The research department in a company that manufactures AM/FM clock radios established the following cost, and revenue functions:
R(x) = x(50-1.25x)
C(x) = 160 + 10x
where 0 < x < 20.
a) Determine when R = C (to the nearest thousand units. e.g. 6.247)
Quantity x = Blank 1 thousand units.
b) Determine the maximum profit (to the nearest thousand dollars).
Profit P = Blank 2 thosand dollars.
My answers don't seem to be correct (x = 16 and P = 160) Please help!
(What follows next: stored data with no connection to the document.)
(* Let $(M,\rho)$ be a metric space, $f:[a,b]\to M$ arbitrary, and let $E\subset[a,b]$ be a Lebesgue measurable set such that $md(f,x)$ exists and is finite for every $x\in E$ (and $x\mapsto md(f,x)$ is measurable on $E$). Then $$\mathcal H^1(f(E))\le\int_E md(f,x)\,dx.$$
   Context: For $f:[a,b]\to(M,\rho)$ and $x\in[a,b]$, $md(f,x)=\lim_{t\to0,\ x+t\in[a,b]}\rho(f(x+t),f(x))/|t|$ when the limit exists. $\mathcal H^1$ is the one-dimensional Hausdorff measure on $M$. The integral of the nonnegative function may be $+\infty$. *)

theory Defs
  imports "HOL-Analysis.Analysis"
begin

definition md_quot :: "(real \<Rightarrow> 'a::metric_space) \<Rightarrow> real \<Rightarrow> real \<Rightarrow> real" where
  "md_quot f x t = dist (f (x + t)) (f x) / \<bar>t\<bar>"

definition md_exists :: "(real \<Rightarrow> 'a::metric_space) \<Rightarrow> real \<Rightarrow> real \<Rightarrow> real \<Rightarrow> bool" where
  "md_exists f a b x \<longleftrightarrow> (\<exists>L. (md_quot f x \<longlongrightarrow> L) (at 0 within {t. x + t \<in> {a..b}}))"

definition md :: "(real \<Rightarrow> 'a::metric_space) \<Rightarrow> real \<Rightarrow> real \<Rightarrow> real \<Rightarrow> real" where
  "md f a b x = Lim (at 0 within {t. x + t \<in> {a..b}}) (md_quot f x)"

definition hausdorff1_pre :: "real \<Rightarrow> 'a::metric_space set \<Rightarrow> ennreal" where
  "hausdorff1_pre \<delta> A =
     (INF C \<in> {C :: nat \<Rightarrow> 'a set. A \<subseteq> (\<Union>n. C n) \<and> (\<forall>n. bounded (C n) \<and> diameter (C n) \<le> \<delta>)}.
        (\<Sum>n. ennreal (diameter (C n))))"

definition hausdorff1 :: "'a::metric_space set \<Rightarrow> ennreal" where
  "hausdorff1 A = (SUP \<delta> \<in> {0<..}. hausdorff1_pre \<delta> A)"

end

theory Submission
  imports Defs
begin

text \<open>
  Fix \<open>\<epsilon> > 0\<close> and split \<open>E\<close> into the measurable bands \<open>E\<^sub>j\<close> on which
  \<open>md(f,\<cdot>)\<close> lies in \<open>[j\<epsilon>, (j+1)\<epsilon>)\<close>; at every point of \<open>E\<^sub>j\<close> the map \<open>f\<close> is
  pointwise \<open>(j+2)\<epsilon>\<close>-Lipschitz. If \<open>f\<close> is pointwise \<open>C\<close>-Lipschitz at every point of \<open>A\<close>,
  then \<open>\<H>\<^sup>1(f A) \<le> C |A|\<close>: inside any open \<open>U \<supseteq> A\<close>, the Vitali covering theorem gives
  disjoint balls centred in \<open>A\<close> covering \<open>A\<close> up to a null set, and the image of a ball of
  length \<open>l\<close> has diameter at most \<open>C l\<close>. The image of the remaining null set has measure zero,
  since a dyadic covering bounds it by \<open>2C\<close> times the measure of any open superset.
  Summing over \<open>j\<close> gives \<open>\<H>\<^sup>1(f E) \<le> \<integral>\<^sub>E md(f,\<cdot>) + 2\<epsilon>|E|\<close>.
\<close>

definition pointwise_lipschitz ::
    "real \<Rightarrow> ('b::metric_space \<Rightarrow> 'a::metric_space) \<Rightarrow> 'b set \<Rightarrow> 'b \<Rightarrow> bool" where
  "pointwise_lipschitz C f S x \<longleftrightarrow> (\<exists>r>0. \<forall>y \<in> S \<inter> ball x r. dist (f y) (f x) \<le> C * dist y x)"

lemma pointwise_lipschitz_mono:
  "pointwise_lipschitz C f S x \<Longrightarrow> C \<le> D \<Longrightarrow> pointwise_lipschitz D f S x"
  unfolding pointwise_lipschitz_def by (meson mult_right_mono order_trans zero_le_dist)

lemma hausdorff1_pre_le_cover:
  assumes "X \<subseteq> (\<Union>n. C n)" "\<And>n. bounded (C n)" "\<And>n. diameter (C n) \<le> d"
  shows "hausdorff1_pre d X \<le> (\<Sum>n. ennreal (diameter (C n)))"
  unfolding hausdorff1_pre_def by (rule INF_lower) (use assms in auto)

lemma hausdorff1_pre_mono: "X \<subseteq> Y \<Longrightarrow> hausdorff1_pre d X \<le> hausdorff1_pre d Y"
  unfolding hausdorff1_pre_def by (rule INF_mono) auto

lemma hausdorff1_pre_empty: "0 \<le> d \<Longrightarrow> hausdorff1_pre d {} = 0"
  using hausdorff1_pre_le_cover[of "{}" "\<lambda>n. {}" d] by simp

lemma hausdorff1_pre_less_cover:
  "hausdorff1_pre d X < y \<Longrightarrow> \<exists>C. X \<subseteq> (\<Union>n. C n) \<and> (\<forall>n. bounded (C n) \<and> diameter (C n) \<le> d) \<and>
      (\<Sum>n. ennreal (diameter (C n))) < y"
  unfolding hausdorff1_pre_def by (subst (asm) INF_less_iff) blast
By the way, "blank" is where the answer is supposed to be.
To determine when revenue (R) equals cost (C), we need to set the two equations equal to each other and solve for x.
The function R(x) represents the revenue, which is given by the equation R(x) = x(50 - 1.25x).
The function C(x) represents the cost, which is given by the equation C(x) = 160 + 10x.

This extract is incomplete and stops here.